From its beginnings, the United States has been rooted in the fundamental concept of freedom, especially freedom of opportunity. Freedom is essential to maintaining high moral convictions. We desperately need courageous leaders with those high moral convictions and the backbone to fight to preserve our freedoms. The lack of convictions of corporate America runs far deeper than boycotts or Congressional hearings might resolve. The raising of the moral and ethical bar underlying our nation begins with individual citizens evincing pride in our nation’s exceptionalism. It must encompass families, communities, education, media, corporations, and governments. Theodore Roosevelt once said, "To educate a man in mind and not in morals is to educate a menace to society." Folks must stand strong for the founding principles that enabled us to build a powerful nation over the past 240 years. Can such moral resolve of convictions among the citizens comprising our families and communities well up to capture the leaders of corporations and thence to government? Will it thus provide the strength to ward off woke aberrations and recapture the sort of courage of convictions rooted in the Godly morality upon which America was founded? Only when these questions are resolved will we salvage American courage from the ignominious amoral fate of becoming a relic of the past.
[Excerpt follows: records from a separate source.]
lemma obtain_disjoint_sequences_to_limpts:
  fixes c :: "nat \<Rightarrow> 'a::metric_space"
  assumes "inj c" "\<And>k. c k islimpt S"
  obtains d :: "nat \<Rightarrow> nat \<Rightarrow> 'a"
  where "inj (case_prod d)" "range (case_prod d) \<subseteq> S" "\<And>k. d k \<longlonglongrightarrow> c k"
proof -
  have "\<forall>k. \<exists>g. (\<forall>n. g n \<in> S - {c k}) \<and> g \<longlonglongrightarrow> c k"
    using assms(2) islimpt_sequential by blast
  then obtain f where "\<forall>k. (\<forall>n. f k n \<in> S - {c k}) \<and> f k \<longlonglongrightarrow> c k"
    by (auto dest: choice)
  then have f: "\<And>k n. f k n \<in> S - {c k}" "\<And>k. f k \<longlonglongrightarrow> c k"
    by simp_all
  have "c k islimpt range (f k)" for k
    unfolding islimpt_sequential using f by (intro exI[of _ "f k"]) auto
  then have "infinite (range (f k))" for k
    using islimpt_finite by blast
  moreover have "finite (range (f k) \<inter> range (f j))" if "j < k" for j k
    using f(2) f(2) assms(1) that by (intro finite_range_Int_if_tendsto_distinct) (auto simp: inj_eq)
  ultimately have D_infinite: "infinite (disjointed (\<lambda>k. range (f k)) k)" for k
    by (rule infinite_disjointed)
  define D where "D = disjointed (\<lambda>k. range (f k))"
  have D_sub: "D k \<subseteq> range (f k)" for k
    unfolding D_def by (rule disjointed_subset)
  have bij: "bij_betw (from_nat_into (D k)) UNIV (D k)" for k
    using D_infinite countable_subset[OF D_sub countable_image]
    by (intro bij_betw_from_nat_into) (auto simp: D_def)
  define d where "d k = from_nat_into (D k)" for k
  have d_inj: "inj (d k)" and d_range: "range (d k) = D k" for k
    using bij[of k] unfolding d_def bij_betw_def by simp_all
  show ?thesis
  proof
    show "inj (case_prod d)"
      by (rule inj_case_prod_if_disjoint_family[OF d_inj])
        (simp add: d_range D_def disjoint_family_disjointed)
    have "d k n \<in> S" for k n
    proof -
      have "d k n \<in> range (f k)"
        using d_range D_sub by blast
      then show ?thesis
        using f(1) by auto
    qed
    then show "range (case_prod d) \<subseteq> S"
      by (simp add: image_subset_iff split_paired_all)
    show "d k \<longlonglongrightarrow> c k" for k
      using d_inj _ finite_far_from_limit[OF f(2)]
      by (rule tendsto_if_inj_into_concentrated) (use d_range D_sub in simp_all)
  qed
qed
lemma coeff_mult_deg_add:
  assumes p: "p \<in> carrier P" and q: "q \<in> carrier P"
  shows "up_ring.coeff P (p \<otimes>\<^bsub>P\<^esub> q) (deg R p + deg R q) = lcoeff p \<otimes> lcoeff q"
proof -
  let ?d = "deg R p" and ?e = "deg R q"
  have "up_ring.coeff P p i \<otimes> up_ring.coeff P q (?d + ?e - i)
      = (if ?d = i then up_ring.coeff P p i \<otimes> up_ring.coeff P q (?d + ?e - i) else \<zero>)" for i
  proof (cases "?d < i")
    case True
    then show ?thesis using p q by (simp add: deg_aboveD)
  next
    case False
    then have "?d = i \<or> ?e < ?d + ?e - i"
      by arith
    then show ?thesis using p q by (auto simp: deg_aboveD)
  qed
  then have "up_ring.coeff P (p \<otimes>\<^bsub>P\<^esub> q) (?d + ?e)
      = (\<Oplus>i\<in>{..?d + ?e}. if ?d = i then up_ring.coeff P p i \<otimes> up_ring.coeff P q (?d + ?e - i) else \<zero>)"
    using p q by (simp cong: R.finsum_cong)
  also have "\<dots> = lcoeff p \<otimes> lcoeff q"
    using p q by (subst R.finsum_singleton) (auto simp: Pi_def)
  finally show ?thesis .
qed

lemma deg_mult_lcoeff_Units:
  assumes p: "p \<in> carrier P" and q: "q \<in> carrier P" "q \<noteq> \<zero>\<^bsub>P\<^esub>" and u: "lcoeff p \<in> Units R"
  shows "deg R (p \<otimes>\<^bsub>P\<^esub> q) = deg R p + deg R q"
proof (rule le_antisym)
  show "deg R (p \<otimes>\<^bsub>P\<^esub> q) \<le> deg R p + deg R q"
    using deg_mult_ring[OF p q(1)] .
  have "lcoeff p \<otimes> lcoeff q \<noteq> \<zero>"
  proof
    assume "lcoeff p \<otimes> lcoeff q = \<zero>"
    then have "inv (lcoeff p) \<otimes> (lcoeff p \<otimes> lcoeff q) = \<zero>"
      using u by simp
    moreover have "inv (lcoeff p) \<otimes> (lcoeff p \<otimes> lcoeff q) = lcoeff q"
      using u R.Units_closed[OF u] lcoeff_closed[OF q(1)]
        R.m_assoc[of "inv (lcoeff p)" "lcoeff p" "lcoeff q", symmetric]
      by simp
    ultimately have "lcoeff q = \<zero>"
      by simp
    then show False
      using lcoeff_nonzero2[OF q] by simp
  qed
  then show "deg R p + deg R q \<le> deg R (p \<otimes>\<^bsub>P\<^esub> q)"
    using coeff_mult_deg_add[OF p q(1)] p q(1) by (intro deg_belowI) auto
qed

lemma coeff_mult_const:
  assumes p: "p \<in> carrier P" and c: "c \<in> carrier R"
  shows "up_ring.coeff P (p \<otimes>\<^bsub>P\<^esub> up_ring.monom P c 0) n = up_ring.coeff P p n \<otimes> c"
proof -
  have "up_ring.coeff P (p \<otimes>\<^bsub>P\<^esub> up_ring.monom P c 0) n
      = (\<Oplus>i\<in>{..n}. up_ring.coeff P p i \<otimes> (if n = i then c else \<zero>))"
    using p c by (simp cong: R.finsum_cong add: le_antisym)
  also have "\<dots> = (\<Oplus>i\<in>{..n}. if n = i then up_ring.coeff P p i \<otimes> c else \<zero>)"
    using p c by (intro R.finsum_cong) (auto simp: Pi_def simp_implies_def)
  also have "\<dots> = up_ring.coeff P p n \<otimes> c"
    using p c by (subst R.finsum_singleton) (auto simp: Pi_def)
  finally show ?thesis .
qed
(* If $T$ is a tree, then $\gamma(T)=\nu_2(T)$.
   Context: A tree is a simple connected graph without cycles. For a graph $G$ with vertex set $V$, let $X_G=\{x_u\mid u\in V\}$ be indeterminates and $L(G,X_G)$ the matrix with $L_{u,u}=x_u$ and $L_{u,v}=-m_{uv}$ ($u\neq v$), $m_{uv}$ the number of edges between $u$ and $v$. The $j$-critical ideal $I_j(G,X_G)\subseteq\mathbb{Z}[X_G]$ is generated by all $j\times j$ minors of $L(G,X_G)$. The algebraic co-rank is $\gamma(G)=\max\{j\mid I_j(G,X_G)=\mathbb{Z}[X_G]\}$ (taken to be $0$ if there is no such $j$). A $2$-matching of $G$ is a set of edges such that every vertex is incident to at most two of them; $\nu_2(G)$ is the maximum number of edges in a $2$-matching of $G$. *)

theory Defs
  imports "HOL-Library.Poly_Mapping" "HOL-Combinatorics.Permutations"
begin

text \<open>Graphs: vertex set = the finite type 'v; edges = a set of 2-element vertex sets.\<close>

definition simple_graph :: "'v set set \<Rightarrow> bool" where
  "simple_graph E \<longleftrightarrow> (\<forall>e\<in>E. card e = 2)"

definition adj :: "'v set set \<Rightarrow> 'v \<Rightarrow> 'v \<Rightarrow> bool" where
  "adj E u v \<longleftrightarrow> {u, v} \<in> E"

definition connected_graph :: "'v set set \<Rightarrow> bool" where
  "connected_graph E \<longleftrightarrow> (\<forall>u v. (u, v) \<in> {(a, b). adj E a b}\<^sup>*)"

definition is_cycle :: "'v set set \<Rightarrow> 'v list \<Rightarrow> bool" where
  "is_cycle E xs \<longleftrightarrow> length xs \<ge> 3 \<and> distinct xs \<and>
     (\<forall>i < length xs. adj E (xs ! i) (xs ! ((i + 1) mod length xs)))"

definition is_tree :: "'v set set \<Rightarrow> bool" where
  "is_tree E \<longleftrightarrow> simple_graph E \<and> connected_graph E \<and> (\<nexists>xs. is_cycle E xs)"

text \<open>Integer polynomials in the variables x_v (v a vertex): Z[X_G].\<close>
type_synonym 'v zpoly = "('v \<Rightarrow>\<^sub>0 nat) \<Rightarrow>\<^sub>0 int"

definition var :: "'v \<Rightarrow> 'v zpoly" where
  "var v = Poly_Mapping.single (Poly_Mapping.single v 1) 1"

text \<open>Generalized Laplacian L(G,X_G); for a simple graph m_uv = 1 iff uv is an edge.\<close>
definition gen_laplacian :: "'v set set \<Rightarrow> 'v \<Rightarrow> 'v \<Rightarrow> 'v zpoly" where
  "gen_laplacian E u v = (if u = v then var u else - (if {u, v} \<in> E then 1 else 0))"

definition minor :: "('v::linorder \<Rightarrow> 'v \<Rightarrow> 'r::comm_ring_1) \<Rightarrow> 'v set \<Rightarrow> 'v set \<Rightarrow> 'r" where
  "minor L R C = (let rs = sorted_list_of_set R; cs = sorted_list_of_set C; j = card R in
     (\<Sum>p\<in>{p. p permutes {..<j}}. of_int (sign p) * (\<Prod>i<j. L (rs ! i) (cs ! (p i)))))"

definition minors :: "('v::{finite,linorder} \<Rightarrow> 'v \<Rightarrow> 'r::comm_ring_1) \<Rightarrow> nat \<Rightarrow> 'r set" where
  "minors L j = {minor L R C | R C. card R = j \<and> card C = j}"

definition ideal_gen :: "'r::comm_ring_1 set \<Rightarrow> 'r set" where
  "ideal_gen S = {p. \<exists>F c. finite F \<and> F \<subseteq> S \<and> p = (\<Sum>g\<in>F. c g * g)}"

definition critical_ideal :: "'v::{finite,linorder} set set \<Rightarrow> nat \<Rightarrow> 'v zpoly set" where
  "critical_ideal E j = ideal_gen (minors (gen_laplacian E) j)"

definition algebraic_corank :: "'v::{finite,linorder} set set \<Rightarrow> nat" where
  "algebraic_corank E = (GREATEST j. critical_ideal E j = UNIV)"

definition two_matching :: "'v set set \<Rightarrow> 'v set set \<Rightarrow> bool" where
  "two_matching E M \<longleftrightarrow> M \<subseteq> E \<and> (\<forall>v. card {e \<in> M. v \<in> e} \<le> 2)"

definition nu2 :: "'v::finite set set \<Rightarrow> nat" where
  "nu2 E = Max (card ` {M. two_matching E M})"

end

theory Submission
  imports Defs "Jordan_Normal_Form.Determinant"
begin

text \<open>A list of oriented edges (u_i, w_i) is triangular if L(u_i, w_k) = 0 whenever i < k.
The rows u_i and columns w_i of L(G, X) then form a triangular submatrix with diagonal -1, so its
minor is a unit and \<gamma>(G) is at least the length of the list; the underlying edges form a
2-matching, so \<nu>_2(G) is at least the length as well. Conversely, for a vertex set Q, evaluating
x_v at the degree of v in G - Q turns L into a matrix that agrees with the Laplacian of G - Q away
from the rows and columns of Q, hence has rank at most 2|Q| + |E(G - Q)|; so no larger minor
generates the unit ideal,
and no 2-matching is larger either, since at most 2|Q| of its edges meet Q. In a forest, deleting
a leaf whose neighbour has degree at most 2, or the common neighbour w of two leaves (adding w to
Q), produces by induction a triangular list of length at least 2|Q| + |E(G - Q)|.\<close>

section \<open>Evaluating integer polynomials\<close>

definition monomial_value :: "('v::finite \<Rightarrow> int) \<Rightarrow> ('v \<Rightarrow>\<^sub>0 nat) \<Rightarrow> int" where
  "monomial_value a m = (\<Prod>v\<in>UNIV. a v ^ Poly_Mapping.lookup m v)"

definition eval_zpoly :: "('v::finite \<Rightarrow> int) \<Rightarrow> 'v zpoly \<Rightarrow> int" where
  "eval_zpoly a p = (\<Sum>m\<in>Poly_Mapping.keys p. Poly_Mapping.lookup p m * monomial_value a m)"

lemma monomial_value_add: "monomial_value a (k + l) = monomial_value a k * monomial_value a l"
  by (simp add: monomial_value_def lookup_add power_add prod.distrib)

lemma monomial_value_zero [simp]: "monomial_value a 0 = 1"
  by (simp add: monomial_value_def)

lemma eval_zpoly_superset:
  assumes "finite S" "Poly_Mapping.keys p \<subseteq> S"
  shows "eval_zpoly a p = (\<Sum>m\<in>S. Poly_Mapping.lookup p m * monomial_value a m)"
  unfolding eval_zpoly_def
  by (rule sum.mono_neutral_left) (use assms in \<open>auto simp: in_keys_iff\<close>)

lemma eval_zpoly_zero [simp]: "eval_zpoly a 0 = 0"
  by (simp add: eval_zpoly_def)
lemma walk_cycle_arc:
  assumes "set c \<subseteq> W" "c \<noteq> []"
    and "\<And>t. t < d \<Longrightarrow> {c ! ((i + t) mod length c), c ! ((i + Suc t) mod length c)} \<in> F"
  shows "walk W F (cycle_arc c i d)"
  unfolding walk_def
proof (intro conjI allI impI)
  show "cycle_arc c i d \<noteq> []" "set (cycle_arc c i d) \<subseteq> W"
    using assms(1,2) by (auto simp: cycle_arc_def simp del: upt_Suc)
  fix j
  assume "j + 1 < length (cycle_arc c i d)"
  then show "{cycle_arc c i d ! j, cycle_arc c i d ! (j + 1)} \<in> F"
    using assms(3)[of j] by (simp add: cycle_arc_def nth_map del: upt_Suc)
qed

lemma cycle_arc_walk_cycle_edges:
  assumes "is_cycle V E c"
  shows "walk (set c) (cycle_edges c) (cycle_arc c i d)"
proof (rule walk_cycle_arc)
  show "c \<noteq> []" using assms by (auto simp: is_cycle_def)
  fix t
  have "(i + t) mod length c < length c" using \<open>c \<noteq> []\<close> by simp
  then have "{c ! ((i + t) mod length c), c ! (((i + t) mod length c + 1) mod length c)} \<in> cycle_edges c"
    unfolding cycle_edges_def by blast
  then show "{c ! ((i + t) mod length c), c ! ((i + Suc t) mod length c)} \<in> cycle_edges c"
    by (simp add: mod_Suc_eq)
qed simp

lemma cycle_edges_neighbour:
  assumes "distinct c" "p < length c" "{c ! p, x} \<in> cycle_edges c"
  shows "\<exists>q<length c. x = c ! q \<and> (q = (p + 1) mod length c \<or> p = (q + 1) mod length c)"
proof -
  obtain i where i: "i < length c" "{c ! p, x} = {c ! i, c ! ((i + 1) mod length c)}"
    using assms(3) unfolding cycle_edges_def by blast
  have il: "(i + 1) mod length c < length c"
    by (rule mod_less_divisor) (use i(1) in auto)
  from i(2) consider "c ! p = c ! i" "x = c ! ((i + 1) mod length c)"
    | "c ! p = c ! ((i + 1) mod length c)" "x = c ! i"
    by (auto simp: doubleton_eq_iff)
  then show ?thesis
  proof cases
    case 1
    then have "p = i" using assms i nth_eq_iff_index_eq by metis
    then show ?thesis using 1 il by blast
  next
    case 2
    then have "p = (i + 1) mod length c" using assms i il nth_eq_iff_index_eq by metis
    then show ?thesis using 2 i by blast
  qed
qed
Meanwhile…M-I-C-K-E-Y M-O-U…Stop! Our nation’s future is at stake. Whether individual or business, we must strive for the courage of strong Godly moral convictions. By being exemplars of our own courage of such virtuous convictions; only then can we hold business and government accountable to the high standards we should expect and by which America will endure. How might we answer Lilith Lorraine’s question? Courage of convictions must not become an American relic. Carpe diem indeed.